JACQUES BERTIN


Nantes
(La Bouche d'Air)

24 février 1996

Jacques Bertin : messages personnels

Trente ans bientôt que Jacques Bertin fait dans la chanson. Un fameux bail. Avec sa période flamboyante, puis un semi-oubli en marge des modes qui vont et viennent. C'est que le bougre est obstiné, peu enclin aux compromissions, attaché à une certaine idée des mots qui font poids et sens.

Le poète, car c'en est un, de la race des meilleurs, était de passage à Nantes la semaine dernière, à l'invitation de la Bouche d'Air. Sans lourde artillerie sonore. Un simple piano et un excellent pianiste à ses côtés. Une chaise pour poser son pied, à l'ancienne, afin de caler sa guitare aux cordes de nylon. Le geste économe et le regard clair, un peu gauche parfois devant son micro.
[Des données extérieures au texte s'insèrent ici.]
section \<open>The exponential supermartingale\<close>

lemma (in prob_space) integral_affine_le_exp_cond_mean:
  fixes W Y m p :: "'a \<Rightarrow> real"
  assumes F: "subalgebra M F"
    and [measurable]: "W \<in> borel_measurable F" "Y \<in> borel_measurable M"
      "m \<in> borel_measurable F" "p \<in> borel_measurable F"
    and m_AE: "AE \<omega> in M. m \<omega> = real_cond_exp M F Y \<omega>"
    and W: "\<And>\<omega>. \<omega> \<in> space M \<Longrightarrow> 0 \<le> W \<omega> \<and> W \<omega> \<le> B"
    and range: "\<And>\<omega>. \<omega> \<in> space M \<Longrightarrow> Y \<omega> \<in> {0..1} \<and> m \<omega> \<in> {0..1} \<and> p \<omega> \<in> {0..1}"
    and g: "\<bar>g\<bar> \<le> 1"
  shows "(\<integral>\<omega>. W \<omega> * (1 + g * (Y \<omega> - p \<omega>)) \<partial>M) \<le> (\<integral>\<omega>. W \<omega> * exp (g * (m \<omega> - p \<omega>)) \<partial>M)"
proof -
  have [measurable]: "W \<in> borel_measurable M" "m \<in> borel_measurable M" "p \<in> borel_measurable M"
    by (rule measurable_from_subalg[OF F], measurable)+
  have integrable: "integrable M (\<lambda>\<omega>. W \<omega> * f \<omega>)"
    if "f \<in> borel_measurable M" "\<And>\<omega>. \<omega> \<in> space M \<Longrightarrow> \<bar>f \<omega>\<bar> \<le> K" for f K
    using that W by (intro integrable_mult_bounded_real[where B = B and C = K]) auto
  have bounds: "\<bar>1 - g * p \<omega>\<bar> \<le> 2" "\<bar>exp (g * (m \<omega> - p \<omega>))\<bar> \<le> exp 1"
    if "\<omega> \<in> space M" for \<omega>
  proof -
    have "\<bar>p \<omega>\<bar> \<le> 1" "\<bar>m \<omega> - p \<omega>\<bar> \<le> 1"
      using range[OF that] by auto
    then have "\<bar>g * p \<omega>\<bar> \<le> 1" "\<bar>g * (m \<omega> - p \<omega>)\<bar> \<le> 1"
      using g unfolding abs_mult by (simp_all add: mult_le_one)
    then show "\<bar>1 - g * p \<omega>\<bar> \<le> 2" "\<bar>exp (g * (m \<omega> - p \<omega>))\<bar> \<le> exp 1"
      by auto
  qed
  have int_Y: "integrable M (\<lambda>\<omega>. W \<omega> * Y \<omega>)" and int_m: "integrable M (\<lambda>\<omega>. W \<omega> * m \<omega>)"
    using range by (auto intro!: integrable[of _ 1])
  have int_p: "integrable M (\<lambda>\<omega>. W \<omega> * (1 - g * p \<omega>))"
    by (rule integrable[of _ 2]) (use bounds in auto)
  have "W \<omega> * (1 + g * (Y \<omega> - p \<omega>)) = W \<omega> * (1 - g * p \<omega>) + g * (W \<omega> * Y \<omega>)"
    and "W \<omega> * (1 + g * (m \<omega> - p \<omega>)) = W \<omega> * (1 - g * p \<omega>) + g * (W \<omega> * m \<omega>)" for \<omega>
    by (simp_all add: algebra_simps)
  then have "(\<integral>\<omega>. W \<omega> * (1 + g * (Y \<omega> - p \<omega>)) \<partial>M) = (\<integral>\<omega>. W \<omega> * (1 + g * (m \<omega> - p \<omega>)) \<partial>M)"
    using int_Y int_m int_p integral_mult_cond_exp[OF F _ _ _ int_Y m_AE] by simp
  also have "\<dots> \<le> (\<integral>\<omega>. W \<omega> * exp (g * (m \<omega> - p \<omega>)) \<partial>M)"
  proof (rule integral_mono')
    show "integrable M (\<lambda>\<omega>. W \<omega> * exp (g * (m \<omega> - p \<omega>)))"
      by (rule integrable[of _ "exp 1"]) (use bounds in auto)
  qed (use W in \<open>auto intro: mult_left_mono simp: add.commute\<close>)
  finally show ?thesis .
qed

lemma (in prob_space) integral_mult_exp_fan_le:
  fixes Y m p P :: "'a \<Rightarrow> real"
  assumes F: "subalgebra M F"
    and [measurable]: "Y \<in> borel_measurable M" "m \<in> borel_measurable F"
      "p \<in> borel_measurable F" "P \<in> borel_measurable F"
    and m_AE: "AE \<omega> in M. m \<omega> = real_cond_exp M F Y \<omega>"
    and range: "\<And>\<omega>. \<omega> \<in> space M \<Longrightarrow> Y \<omega> \<in> {0..1} \<and> m \<omega> \<in> {0..1} \<and> p \<omega> \<in> {0..1}"
    and P: "\<And>\<omega>. \<omega> \<in> space M \<Longrightarrow> 0 \<le> P \<omega> \<and> P \<omega> \<le> B"
    and g: "\<bar>g\<bar> < 1"
  shows "(\<integral>\<omega>. P \<omega> * exp (g * (Y \<omega> - m \<omega>) - psiE_real \<bar>g * (Y \<omega> - p \<omega>)\<bar>) \<partial>M)
    \<le> (\<integral>\<omega>. P \<omega> \<partial>M)"
proof -
  define W where "W \<omega> = P \<omega> * exp (- (g * (m \<omega> - p \<omega>)))" for \<omega>
  have W_F [measurable]: "W \<in> borel_measurable F"
    unfolding W_def by measurable
  have [measurable]: "W \<in> borel_measurable M" "p \<in> borel_measurable M"
    by (rule measurable_from_subalg[OF F], measurable)+
  have bounds: "\<bar>g * (Y \<omega> - p \<omega>)\<bar> < 1" "\<bar>g * (m \<omega> - p \<omega>)\<bar> \<le> 1" if "\<omega> \<in> space M" for \<omega>
  proof -
    have "\<bar>Y \<omega> - p \<omega>\<bar> \<le> 1" "\<bar>m \<omega> - p \<omega>\<bar> \<le> 1"
      using range[OF that] by auto
    then show "\<bar>g * (Y \<omega> - p \<omega>)\<bar> < 1" "\<bar>g * (m \<omega> - p \<omega>)\<bar> \<le> 1"
      using g mult_left_le[of _ "\<bar>g\<bar>"] unfolding abs_mult by fastforce+
  qed
  have W: "0 \<le> W \<omega> \<and> W \<omega> \<le> B * exp 1" if "\<omega> \<in> space M" for \<omega>
    using P[OF that] bounds(2)[OF that] by (auto simp: W_def intro!: mult_mono)
  have "(\<integral>\<omega>. P \<omega> * exp (g * (Y \<omega> - m \<omega>) - psiE_real \<bar>g * (Y \<omega> - p \<omega>)\<bar>) \<partial>M)
      \<le> (\<integral>\<omega>. W \<omega> * (1 + g * (Y \<omega> - p \<omega>)) \<partial>M)"
  proof (rule integral_mono')
    show "integrable M (\<lambda>\<omega>. W \<omega> * (1 + g * (Y \<omega> - p \<omega>)))"
    proof (rule integrable_mult_bounded_real[where B = "B * exp 1" and C = 2])
      show "\<bar>1 + g * (Y \<omega> - p \<omega>)\<bar> \<le> 2" if "\<omega> \<in> space M" for \<omega>
        using bounds(1)[OF that] by linarith
    qed (use W in auto)
    fix \<omega> assume \<omega>: "\<omega> \<in> space M"
    have "exp (g * (Y \<omega> - m \<omega>) - psiE_real \<bar>g * (Y \<omega> - p \<omega>)\<bar>)
        = exp (- (g * (m \<omega> - p \<omega>))) * exp (g * (Y \<omega> - p \<omega>) - psiE_real \<bar>g * (Y \<omega> - p \<omega>)\<bar>)"
      by (simp add: algebra_simps flip: exp_add)
    also have "\<dots> \<le> exp (- (g * (m \<omega> - p \<omega>))) * (1 + g * (Y \<omega> - p \<omega>))"
      using exp_sub_psiE_real_le[OF bounds(1)[OF \<omega>]] by simp
    finally show "P \<omega> * exp (g * (Y \<omega> - m \<omega>) - psiE_real \<bar>g * (Y \<omega> - p \<omega>)\<bar>)
        \<le> W \<omega> * (1 + g * (Y \<omega> - p \<omega>))"
      using P[OF \<omega>] by (simp add: W_def mult.assoc mult_left_mono)
    show "0 \<le> W \<omega> * (1 + g * (Y \<omega> - p \<omega>))"
      using W[OF \<omega>] bounds(1)[OF \<omega>] by simp
  qed
  also have "\<dots> \<le> (\<integral>\<omega>. W \<omega> * exp (g * (m \<omega> - p \<omega>)) \<partial>M)"
    using g W range m_AE
    by (intro integral_affine_le_exp_cond_mean[OF F, where B = "B * exp 1"]) auto
  also have "\<dots> = (\<integral>\<omega>. P \<omega> \<partial>M)"
    by (simp add: W_def mult.assoc flip: exp_add)
  finally show ?thesis .
qed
Dans la salle Paul-Fort, près de 350 personnes. Des inconditionnels, pour beaucoup, qui suivent à la trace l'homme de parole. Un public neuf, aussi, découvrant qu'en 1996, sans jeter pour autant le CD-Rom et le clip sophistiqué, on peut être chamboulé par des icônes d'écriture, des messages personnels signés Léo Ferré, Nazim Hikmet, Luc Bérimont, Louis Aragon et, bien sûr, Jacques Bertin.

Voix profonde au phrasé de violoncelle, diction parfaite, équilibre miraculeux entre douceurs suspendues et douleurs contenues, sens aigu de l'image qui vous allume l'âme au plus profond et au plus juste, art consommé du silence qui parle: Bertin le minimaliste est décidément unique. Déposant respectueusement dans le creux des mains de chacun des paysages intérieurs à habiter selon son cœur, des chansons hypersensibles à la poignante pudeur.

Mieux que d'entendre de longs discours, écoutez-le. Sept CD de lui sont actuellement disponibles chez Velen, une maison nantaise. En priorité, procurez-vous le volume 3 de son Intégrale; deux albums des années 70 ici compilés. Avec des trésors qui s'appellent par exemple "Trois bouquets". Après, vous serez prêts pour "Le poids des roses" et "La blessure sous la mer", ses disques les plus récents.